BUSINESS

Ambank Targets 5 To 6 Pct Loan Growth For Fy2025

28/05/2024 12:10 PM

KUALA LUMPUR, May 28 (Bernama) -- AMMB Holdings Bhd (AmBank) is targeting a five to six per cent loan growth for the financial year ending March 31, 2025 (FY2025).

Group chief executive officer Jamie Ling said the bank is projecting a slightly higher loan growth compared to the three per cent achieved in FY2024, supported by resilient domestic demand and the improving labour market.

“We always said we want to grow above the GDP growth and when we look at the gross domestic product (GDP) for 2024 at 4.5 per cent, I expect we should grow around 1.25 times of GDP for FY2025 in terms of target loan growth,” he told reporters during its FY2024 results briefing here Monday.

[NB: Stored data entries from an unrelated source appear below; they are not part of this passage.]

(* Let $Y=X\beta+\epsilon$ with $Y\in\mathbb{R}^n$ and $X$ an $n\times d$ matrix. Let $B=\bigcup_{j=1}^J B_j\subset\mathbb{R}^d$ be a finite disjoint union, where each $B_j$ is a manifold, possibly with boundary or corner, and let $p:B\to\mathbb{R}$ be a (deterministic) penalty that is continuous on each $B_j$. Let $Q(\beta,Y,X)=\tfrac12\|Y-X\beta\|^2+p(\beta)$. If $X$ has full rank $d$ and the distribution of $Y$ conditional on $X$ is absolutely continuous, then the argmin of $Q(\beta,Y,X)$ over $\beta\in B$ is unique almost surely.
   Context: A manifold with boundary or corner of dimension $m$ is a (second-countable Hausdorff) space in which every point has a neighborhood diffeomorphic, via a continuously differentiable map with continuously differentiable inverse, to a relatively open subset of $[0,\infty)^m$. "Unique" means the argmin contains at most one point. *)

theory Defs
  imports "HOL-Probability.Probability"
begin

definition C1_on :: "('a::real_normed_vector) set \<Rightarrow> ('a \<Rightarrow> 'b::real_normed_vector) \<Rightarrow> bool" where
  "C1_on S f \<longleftrightarrow>
     (\<forall>x\<in>S. \<exists>W g g'. open W \<and> x \<in> W \<and> (\<forall>y\<in>S \<inter> W. g y = f y) \<and>
        (\<forall>y\<in>W. (g has_derivative blinfun_apply (g' y)) (at y)) \<and> continuous_on W g')"

definition C1_diffeo :: "('a::real_normed_vector) set \<Rightarrow> ('b::real_normed_vector) set \<Rightarrow> ('a \<Rightarrow> 'b) \<Rightarrow> bool" where
  "C1_diffeo S T f \<longleftrightarrow> bij_betw f S T \<and> C1_on S f \<and> C1_on T (inv_into S f)"

text \<open>Model corner [0,\<infinity>)^m, m = card K, realised inside real^'d on the coordinates K.\<close>
definition orthant :: "'d::finite set \<Rightarrow> (real^'d) set" where
  "orthant K = {x. \<forall>i. 0 \<le> x $ i \<and> (i \<notin> K \<longrightarrow> x $ i = 0)}"

definition manifold_with_corners :: "(real^'d::finite) set \<Rightarrow> bool" where
  "manifold_with_corners S \<longleftrightarrow>
     (\<exists>K::'d set. \<forall>x\<in>S. \<exists>U V \<phi>. openin (top_of_set S) U \<and> x \<in> U \<and>
         openin (top_of_set (orthant K)) V \<and> C1_diffeo U V \<phi>)"

definition Qobj :: "real^'d^'n \<Rightarrow> (real^'d \<Rightarrow> real) \<Rightarrow> real^'n \<Rightarrow> real^'d \<Rightarrow> real" where
  "Qobj X p y \<beta> = (1/2) * (norm (y - X *v \<beta>))^2 + p \<beta>"

definition argmin_set :: "(real^'d \<Rightarrow> real) \<Rightarrow> (real^'d) set \<Rightarrow> (real^'d) set" where
  "argmin_set f B = {\<beta>\<in>B. \<forall>\<gamma>\<in>B. f \<beta> \<le> f \<gamma>}"

end

theory Submission
  imports Defs
begin

text \<open>By the two minimality inequalities, the multimap sending y to the fitted
  values X\<beta> of its minimisers is monotone, (u - u') \<bullet> (y - y') \<ge> 0. A monotone multimap is
  single-valued off a Lebesgue null set: the points y at which it takes two values whose
  i-th coordinates are separated by a fixed gap form a set on which y $ i is a Lipschitz
  function of the other coordinates, i.e. a subset of a Lipschitz graph over a hyperplane,
  and countably many such gap sets exhaust all points of non-uniqueness. Full rank makes
  \<beta> \<mapsto> X\<beta> injective, and absolute continuity transfers the null set to the law of Y.\<close>

definition hyperplane_proj :: "'n::finite \<Rightarrow> real^'n \<Rightarrow> real^'n" where
  "hyperplane_proj i y = y - (y $ i) *\<^sub>R axis i 1"

lemma hyperplane_proj_decomp: "y = hyperplane_proj i y + (y $ i) *\<^sub>R axis i 1"
  by (simp add: hyperplane_proj_def)

lemma diff_hyperplane_proj_decomp:
  "y - y' = (hyperplane_proj i y - hyperplane_proj i y') + (y $ i - y' $ i) *\<^sub>R axis i 1"
  by (simp add: hyperplane_proj_def algebra_simps)

lemma negligible_coordinate_Lipschitz_graph:
  fixes A :: "(real^'n::finite) set"
  assumes lip: "\<And>y y'. y \<in> A \<Longrightarrow> y' \<in> A \<Longrightarrow>
                  \<bar>y $ i - y' $ i\<bar> \<le> c * norm (hyperplane_proj i y - hyperplane_proj i y')"
  shows "negligible A"
proof -
  let ?\<pi> = "hyperplane_proj i"
  have "?\<pi> ` A \<subseteq> {x. axis i 1 \<bullet> x = 0}"
    by (auto simp: hyperplane_proj_def inner_axis' inner_diff_right)
  moreover have "axis i (1::real) \<noteq> 0"
    by (simp add: axis_eq_0_iff)
  ultimately have neg_proj: "negligible (?\<pi> ` A)"
    using negligible_subset[OF negligible_hyperplane] by blast
  have inj: "inj_on ?\<pi> A"
  proof (rule inj_onI)
    fix y y' assume y: "y \<in> A" "y' \<in> A" "?\<pi> y = ?\<pi> y'"
    then have "y $ i = y' $ i" using lip[OF y(1,2)] by simp
    then show "y = y'" using hyperplane_proj_decomp[of y i] hyperplane_proj_decomp[of y' i] y(3)
      by metis
  qed
  define f where "f = inv_into A ?\<pi>"
  have "negligible (f ` ?\<pi> ` A)"
  proof (rule negligible_locally_Lipschitz_image[OF order_refl neg_proj])
    fix x assume "x \<in> ?\<pi> ` A"
    then obtain y where y: "y \<in> A" "x = ?\<pi> y" by auto
    show "\<exists>T B. open T \<and> x \<in> T \<and> (\<forall>z\<in>?\<pi> ` A \<inter> T. norm (f z - f x) \<le> B * norm (z - x))"
    proof (intro exI[of _ UNIV] exI[of _ "1 + c"] conjI ballI)
      fix z assume "z \<in> ?\<pi> ` A \<inter> UNIV"
      then obtain y' where y': "y' \<in> A" "z = ?\<pi> y'" by auto
      have "norm (y' - y) \<le> norm (?\<pi> y' - ?\<pi> y) + \<bar>y' $ i - y $ i\<bar>"
        using norm_triangle_ineq[of "?\<pi> y' - ?\<pi> y" "(y' $ i - y $ i) *\<^sub>R axis i 1"]
        by (simp add: diff_hyperplane_proj_decomp[of y' y i] norm_axis_1)
      also have "\<dots> \<le> (1 + c) * norm (?\<pi> y' - ?\<pi> y)"
        using lip[OF y'(1) y(1)] by (simp add: algebra_simps)
      finally show "norm (f z - f x) \<le> (1 + c) * norm (z - x)"
        using y y' inj by (simp add: f_def)
    qed auto
  qed
  then show ?thesis using inj by (simp add: f_def image_comp)
qed

definition monotone_multimap :: "('a::real_inner \<Rightarrow> 'a set) \<Rightarrow> bool" where
  "monotone_multimap M \<longleftrightarrow> (\<forall>y y' u u'. u \<in> M y \<longrightarrow> u' \<in> M y' \<longrightarrow> 0 \<le> (u - u') \<bullet> (y - y'))"

lemma negligible_monotone_multimap_gap:
  fixes M :: "real^'n::finite \<Rightarrow> (real^'n) set"
  assumes mono: "monotone_multimap M" and h: "h > 0"
  shows "negligible {y. \<exists>u\<in>M y. \<exists>v\<in>M y. u $ i < a \<and> a + h < v $ i \<and> norm u \<le> r \<and> norm v \<le> r}"
    (is "negligible ?G")
proof -
  let ?\<pi> = "hyperplane_proj i"
  have one_sided: "h * (y $ i - y' $ i) \<le> 2 * r * norm (?\<pi> y - ?\<pi> y')"
    if "y \<in> ?G" "y' \<in> ?G" for y y'
  proof -
    obtain u where u: "u \<in> M y" "u $ i < a" "norm u \<le> r" using \<open>y \<in> ?G\<close> by blast
    obtain v where v: "v \<in> M y'" "a + h < v $ i" "norm v \<le> r" using \<open>y' \<in> ?G\<close> by blast
    show ?thesis
    proof (cases "y' $ i \<le> y $ i")
      case True
      txt \<open>Monotonicity for the value of y below the gap against that of y' above it:
        the term from coordinate i is at most -h times its increment, so the other
        coordinates must compensate.\<close>
      have "0 \<le> (u - v) \<bullet> (y - y')"
        using mono u(1) v(1) unfolding monotone_multimap_def by blast
      also have "\<dots> = (u - v) \<bullet> (?\<pi> y - ?\<pi> y') + (u $ i - v $ i) * (y $ i - y' $ i)"
        by (subst diff_hyperplane_proj_decomp[of y y' i]) (simp add: inner_add_right inner_axis)
      finally have "(v $ i - u $ i) * (y $ i - y' $ i) \<le> (u - v) \<bullet> (?\<pi> y - ?\<pi> y')"
        by (simp add: algebra_simps)
      also have "\<dots> \<le> norm (u - v) * norm (?\<pi> y - ?\<pi> y')"
        by (rule order_trans[OF abs_ge_self Cauchy_Schwarz_ineq2])
      also have "\<dots> \<le> 2 * r * norm (?\<pi> y - ?\<pi> y')"
        using norm_triangle_ineq4[of u v] u(3) v(3) by (intro mult_right_mono) auto
      finally show ?thesis
        using True u(2) v(2) mult_right_mono[of h "v $ i - u $ i" "y $ i - y' $ i"] by simp
    next
      case False
      have "0 \<le> r" using u(3) norm_ge_zero order_trans by blast
      then have "0 \<le> 2 * r * norm (?\<pi> y - ?\<pi> y')" by simp
      moreover have "h * (y $ i - y' $ i) \<le> 0"
        using False h by (simp add: mult_nonneg_nonpos)
      ultimately show ?thesis by linarith
    qed
  qed
  show ?thesis
  proof (rule negligible_coordinate_Lipschitz_graph[where i = i and c = "2 * r / h"])
    fix y y' assume "y \<in> ?G" "y' \<in> ?G"
    then have "h * \<bar>y $ i - y' $ i\<bar> \<le> 2 * r * norm (?\<pi> y - ?\<pi> y')"
      using one_sided[of y y'] one_sided[of y' y] h
      by (simp add: abs_if norm_minus_commute right_diff_distrib)
    then show "\<bar>y $ i - y' $ i\<bar> \<le> 2 * r / h * norm (?\<pi> y - ?\<pi> y')"
      using h by (simp add: field_simps)
  qed
qed

lemma negligible_monotone_multimap_nonunique:
  fixes M :: "real^'n::finite \<Rightarrow> (real^'n) set"
  assumes mono: "monotone_multimap M"
  shows "negligible {y. \<exists>u\<in>M y. \<exists>v\<in>M y. u \<noteq> v}"
proof -
  define G :: "'n \<times> int \<times> nat \<Rightarrow> (real^'n) set"
    where "G = (\<lambda>(i, m, k). {y. \<exists>u\<in>M y. \<exists>v\<in>M y. u $ i < m / (real k + 1) \<and>
      m / (real k + 1) + 1 / (real k + 1) < v $ i \<and> norm u \<le> k \<and> norm v \<le> k})"
  have "{y. \<exists>u\<in>M y. \<exists>v\<in>M y. u \<noteq> v} \<subseteq> \<Union>(range G)"
  proof
    fix y assume "y \<in> {y. \<exists>u\<in>M y. \<exists>v\<in>M y. u \<noteq> v}"
    then obtain u v i where uv: "u \<in> M y" "v \<in> M y" "u $ i < v $ i"
      by (auto simp: vec_eq_iff) (metis linorder_neqE_linordered_idom)
    obtain k :: nat where k: "max (norm u) (max (norm v) (2 / (v $ i - u $ i))) < real k"
      using reals_Archimedean2 by blast
    have "2 < real k * (v $ i - u $ i)"
      using k uv(3) by (simp add: divide_less_eq mult.commute)
    then have gap: "2 < (real k + 1) * (v $ i - u $ i)"
      using uv(3) by (simp add: algebra_simps)
    define m where "m = \<lfloor>(real k + 1) * u $ i\<rfloor> + 1"
    have "(real k + 1) * u $ i < m"
      unfolding m_def by linarith
    then have "u $ i < m / (real k + 1)"
      by (simp add: less_divide_eq mult.commute)
    moreover have "m + 1 < (real k + 1) * v $ i"
      using gap unfolding m_def right_diff_distrib by linarith
    then have "m / (real k + 1) + 1 / (real k + 1) < v $ i"
      by (simp add: add_divide_distrib[symmetric] divide_less_eq mult.commute)
    ultimately have "y \<in> G (i, m, k)"
      using uv k unfolding G_def by force
    then show "y \<in> \<Union>(range G)" by blast
  qed
  moreover have "negligible (\<Union>(range G))"
  proof (rule negligible_countable_Union)
    fix S assume "S \<in> range G"
    then obtain i m k where "S = G (i, m, k)" by (metis prod_cases3 rangeE)
    then show "negligible S"
      using negligible_monotone_multimap_gap[OF mono, where h = "1 / (real k + 1)" and i = i
          and a = "m / (real k + 1)" and r = k]
      by (simp add: G_def)
  qed simp
  ultimately show ?thesis using negligible_subset by blast
qed

definition fitted_minimisers :: "real^'d^'n \<Rightarrow> (real^'d \<Rightarrow> real) \<Rightarrow> (real^'d) set \<Rightarrow> real^'n \<Rightarrow> (real^'n) set" where
  "fitted_minimisers X p B y = (*v) X ` argmin_set (Qobj X p y) B"

lemma monotone_fitted_minimisers: "monotone_multimap (fitted_minimisers X p B)"
  unfolding monotone_multimap_def
proof (intro allI impI)
  fix y y' u u' assume "u \<in> fitted_minimisers X p B y" "u' \<in> fitted_minimisers X p B y'"
  then obtain b b' where b: "u = X *v b" "b \<in> argmin_set (Qobj X p y) B"
    and b': "u' = X *v b'" "b' \<in> argmin_set (Qobj X p y') B"
    by (auto simp: fitted_minimisers_def)
  have "(1/2) * (norm (y - u))\<^sup>2 + p b \<le> (1/2) * (norm (y - u'))\<^sup>2 + p b'"
    and "(1/2) * (norm (y' - u'))\<^sup>2 + p b' \<le> (1/2) * (norm (y' - u))\<^sup>2 + p b"
    using b b' by (auto simp: argmin_set_def Qobj_def)
  then show "0 \<le> (u - u') \<bullet> (y - y')"
    by (simp add: power2_norm_eq_inner inner_diff_left inner_diff_right inner_commute
        algebra_simps)
qed

lemma AE_not_in_negligible_absolutely_continuous:
  fixes Y :: "'w \<Rightarrow> 'a::euclidean_space"
  assumes "negligible N" "Y \<in> borel_measurable P"
    and "absolutely_continuous lborel (distr P borel Y)"
  shows "AE \<omega> in P. Y \<omega> \<notin> N"
proof -
  have "AE x in lborel. x \<notin> N"
    using AE_not_in[of N lebesgue] assms(1) by (simp add: negligible_iff_null_sets AE_completion_iff)
  then obtain N' where N': "N \<subseteq> N'" "N' \<in> null_sets lborel"
    by (auto elim!: AE_E simp: null_sets_def)
  then have "N' \<in> null_sets (distr P borel Y)"
    using assms(3) unfolding absolutely_continuous_def by blast
  then have "Y -` N' \<inter> space P \<in> null_sets P"
    using assms(2) by (auto simp: emeasure_distr null_sets_def intro: measurable_sets)
  then show ?thesis
    by (rule AE_I') (use N'(1) in auto)
qed

theorem theorem2:
  fixes X :: "real^'d^'n"
    and Bs :: "nat \<Rightarrow> (real^'d) set" and J :: nat
    and p :: "real^'d \<Rightarrow> real"
    and P :: "'w measure" and Y :: "'w \<Rightarrow> real^'n"
  assumes "disjoint_family_on Bs {..<J}"
    and "\<And>j. j < J \<Longrightarrow> manifold_with_corners (Bs j)"
    and "\<And>j. j < J \<Longrightarrow> continuous_on (Bs j) p"
    and "rank X = CARD('d)"
    and "prob_space P"
    and "Y \<in> borel_measurable P"
    and "absolutely_continuous lborel (distr P borel Y)"
  shows "AE \<omega> in P. \<forall>\<beta>1\<in>argmin_set (Qobj X p (Y \<omega>)) (\<Union>j<J. Bs j).
                     \<forall>\<beta>2\<in>argmin_set (Qobj X p (Y \<omega>)) (\<Union>j<J. Bs j). \<beta>1 = \<beta>2"
proof -
  let ?M = "fitted_minimisers X p (\<Union>j<J. Bs j)"
  have inj: "inj ((*v) X)" using assms(4) full_rank_injective by blast
  have "AE \<omega> in P. Y \<omega> \<notin> {y. \<exists>u\<in>?M y. \<exists>v\<in>?M y. u \<noteq> v}"
    using negligible_monotone_multimap_nonunique[OF monotone_fitted_minimisers] assms(6,7)
    by (rule AE_not_in_negligible_absolutely_continuous)
  then show ?thesis
    by eventually_elim (auto simp: fitted_minimisers_def dest: injD[OF inj])
qed

end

He also noted that the FY2025 loan growth would be driven by middle market companies and small and medium enterprises, he said.

“On the catalyst of the industrialisation of Malaysia’s economy, Ambank would grow in line with that policy direction as that is where the leading engine for lending is going to be.

“As for retail, it would be more selective particularly in terms of mortgages, while for the large infrastructure and construction projects that the government has launched, that will be for the wholesale and business banking segment,” he said.

Meanwhile, for FY2024, he pointed out that AmBank posted a lower loan growth of three per cent compared with what it had earlier targeted, which was about six per cent.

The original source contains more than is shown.